Le mot d’ordre : valorisation
Plus du tiers des aliments sont gaspillés à l’échelle planétaire. Dans les pays développés, la situation est encore plus criante : au Canada, par exemple, le chiffre s’élève à 56 %. Une statistique aberrante qui témoigne de l’urgence d’agir. « Si le gaspillage alimentaire était un pays, il serait le troisième plus grand émetteur de gaz à effet de serre, après la Chine et les États-Unis ! » Pour Julie et son partenaire, le déclic s’est produit lorsque Courchesne Larose, une grande entreprise de distribution de fruits et de légumes, les a contactés pour chercher à résoudre un problème de taille : les seize tonnes d’aliments « mis de côté » chaque jour en attente de valorisation. « L’élément déclencheur a été la visite de l’entreprise, où nous avons découvert les palettes de fruits et de légumes qui allaient partir vers un site d’enfouissement. Ça nous a donné le frisson. J’ai vendu mon condo, David a vendu le sien, on a tout laissé pour se consacrer à Loop à temps plein. » En quelques années à peine, la start-up est devenue une véritable success-story québécoise.

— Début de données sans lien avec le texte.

text \<open>In an antichain simplex every product \<open>e\<^sub>\<sigma> e\<^sub>\<mu>\<close> of two nonzero elements of
\<open>P(\<Delta>)\<close> vanishes: \<open>\<sigma> + \<mu> \<in> P(\<Delta>)\<close> would give \<open>\<sigma> \<preceq> \<sigma> + \<mu>\<close> between nonzero
elements (the homogenising coordinate of a nonzero element is at least 1), forcing \<open>\<mu> = 0\<close>.
Hence the maximal ideal squares to zero, the normalized bar complex has zero differential, and
\<open>\<beta>(i,\<alpha>)\<close> counts the words \<open>\<sigma>\<^sub>1 \<dots> \<sigma>\<^sub>i\<close> of nonzero elements of \<open>P(\<Delta>)\<close> summing to
\<open>\<alpha>\<close>. Splitting off the first letter gives \<open>\<beta>(i,\<alpha>) = \<Sum>\<^sub>\<sigma> \<beta>(i - 1, \<alpha> - \<sigma>)\<close>, the
coefficientwise form of \<open>P(z;t) (1 - \<Sum>\<^sub>\<sigma> z t\<^sup>\<sigma>) = 1\<close>.\<close>

lemma vector_space_fun: "vector_space (\<lambda>(a::'k::field) (f::'a \<Rightarrow> 'k) x. a * f x)"
  by unfold_locales (auto simp: algebra_simps plus_fun_def fun_eq_iff)

lemma sum_apply: "sum f A x = (\<Sum>a\<in>A. f a x)"
  by (induction A rule: infinite_finite_induct) auto

lemma dim_functions_supported_on:
  assumes fin: "finite S"
  shows "vector_space.dim (\<lambda>(a::'k::field) (f::'a \<Rightarrow> 'k) x. a * f x)
           {c. \<forall>s. c s \<noteq> 0 \<longrightarrow> s \<in> S} = card S"
proof -
  interpret V: vector_space "\<lambda>(a::'k) (f::'a \<Rightarrow> 'k) x. a * f x" by (rule vector_space_fun)
  define V where "V = {c :: 'a \<Rightarrow> 'k. \<forall>s. c s \<noteq> 0 \<longrightarrow> s \<in> S}"
  define e :: "'a \<Rightarrow> 'a \<Rightarrow> 'k" where "e s = (\<lambda>t. if t = s then 1 else 0)" for s
  have inj: "inj_on e S"
    by (auto simp: inj_on_def e_def fun_eq_iff)
  have "e ` S \<subseteq> V"
    by (auto simp: V_def e_def split: if_splits)
  moreover have "V \<subseteq> V.span (e ` S)"
  proof
    fix c assume c: "c \<in> V"
    have "c = (\<Sum>s\<in>S. (\<lambda>t. c s * e s t))"
    proof
      fix t
      have "(\<Sum>s\<in>S. (\<lambda>t. c s * e s t)) t = (if t \<in> S then c t else 0)"
        using fin by (simp add: sum_apply e_def if_distrib cong: if_cong)
      then show "c t = (\<Sum>s\<in>S. (\<lambda>t. c s * e s t)) t"
        using c by (auto simp: V_def)
    qed
    also have "\<dots> \<in> V.span (e ` S)"
      by (intro V.span_sum V.span_scale[of _ _ "c _", simplified] V.span_base) auto
    finally show "c \<in> V.span (e ` S)" .
  qed
  moreover have "V.independent (e ` S)"
  proof (rule V.independent_if_scalars_zero)
    show "finite (e ` S)" using fin by simp
    fix f x assume h: "(\<Sum>x\<in>e ` S. (\<lambda>y. f x * x y)) = 0" and "x \<in> e ` S"
    then obtain s where s: "s \<in> S" "x = e s" by auto
    have "0 = (\<Sum>u\<in>S. f (e u) * e u s)"
      using arg_cong[OF h, of "\<lambda>g. g s"] by (simp add: sum_apply sum.reindex[OF inj])
    also have "\<dots> = f (e s)"
      using fin s by (simp add: e_def if_distrib cong: if_cong)
    finally show "f x = 0" using s by simp
  qed
  ultimately have "card (e ` S) = V.dim V"
    by (rule V.basis_card_eq_dim)
  then show ?thesis
    by (simp add: V_def card_image[OF inj])
qed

Un impact environnemental considérable
Les activités et le modèle d’affaires de Loop Mission répondent à pas moins de cinq des dix-sept objectifs de développement durable de l’ONU, dont celui, bien évidemment, de la consommation et de la production responsables. Le rayonnement de l’entreprise ne se limite pas à la réduction du gaspillage alimentaire, car ses actions contribuent directement à la lutte aux changements climatiques. « Les matières organiques qui se retrouvent dans les sites d’enfouissement génèrent énormément de gaz à effet de serre. Ils produisent aussi du lixiviat — le jus de poubelle — qui contamine l’environnement. » Et il ne faut pas oublier l’empreinte eau de l’agriculture, qui est de soixante-cinq litres par kilo de fruits et de légumes, ni la problématique de la déforestation au profit des terres agricoles, qui a un impact direct sur la biodiversité. « Avec notre modèle d’affaires, on peut tellement faire plus avec moins. On peut nourrir plus de gens sur Terre en utilisant mieux nos ressources. C’est ce que nous voulons mettre de l’avant. »
Un modèle à suivre
Après avoir décroché une maîtrise en sciences de l’environnement, Julie a mené des projets en marketing et développement durable pendant quelques années avant de se lancer en affaires. Parce qu’elle souhaitait que l’impact positif de son entreprise puisse croître en synergie avec le volume des ventes, elle a attendu de trouver le bon filon — celui de Loop — avant de faire le saut du côté de l’entrepreneuriat. « La rentabilité est une priorité parce que nous voulons démontrer qu’il est possible de faire des profits dans notre secteur d’activités. C’est essentiel pour impliquer les grandes industries et pour créer un véritable mouvement. » Ainsi, Loop insiste pour payer les rejets de ses fournisseurs, qui auparavant devaient débourser pour s’en départir. « Nous voulons créer un modèle d’affaires où tout le monde gagne, et démontrer aux entreprises qu’elles peuvent mieux gérer leurs pertes. »
De beaux projets d’avenir
Lorsque la pandémie a frappé, au printemps dernier, Julie et son équipe rencontraient des producteurs, des distributeurs et des fermiers en Californie dans le but d’y fonder une nouvelle usine Loop. Ils ont dû rentrer au pays et mobiliser les troupes pour lancer un site web transactionnel (en quelques semaines !), mais le projet tient toujours. « Depuis le premier jour, je me dis qu’il va y avoir des Loop partout dans le monde, et ça commence à se concrétiser. Notre objectif pour les cinq prochaines années est d’avoir quatre usines : celle de Montréal couvre déjà le nord-est des États-Unis, et on veut ouvrir les prochaines en Californie, en France et en Australie. Logique, puisque le gaspillage alimentaire est un phénomène mondial. »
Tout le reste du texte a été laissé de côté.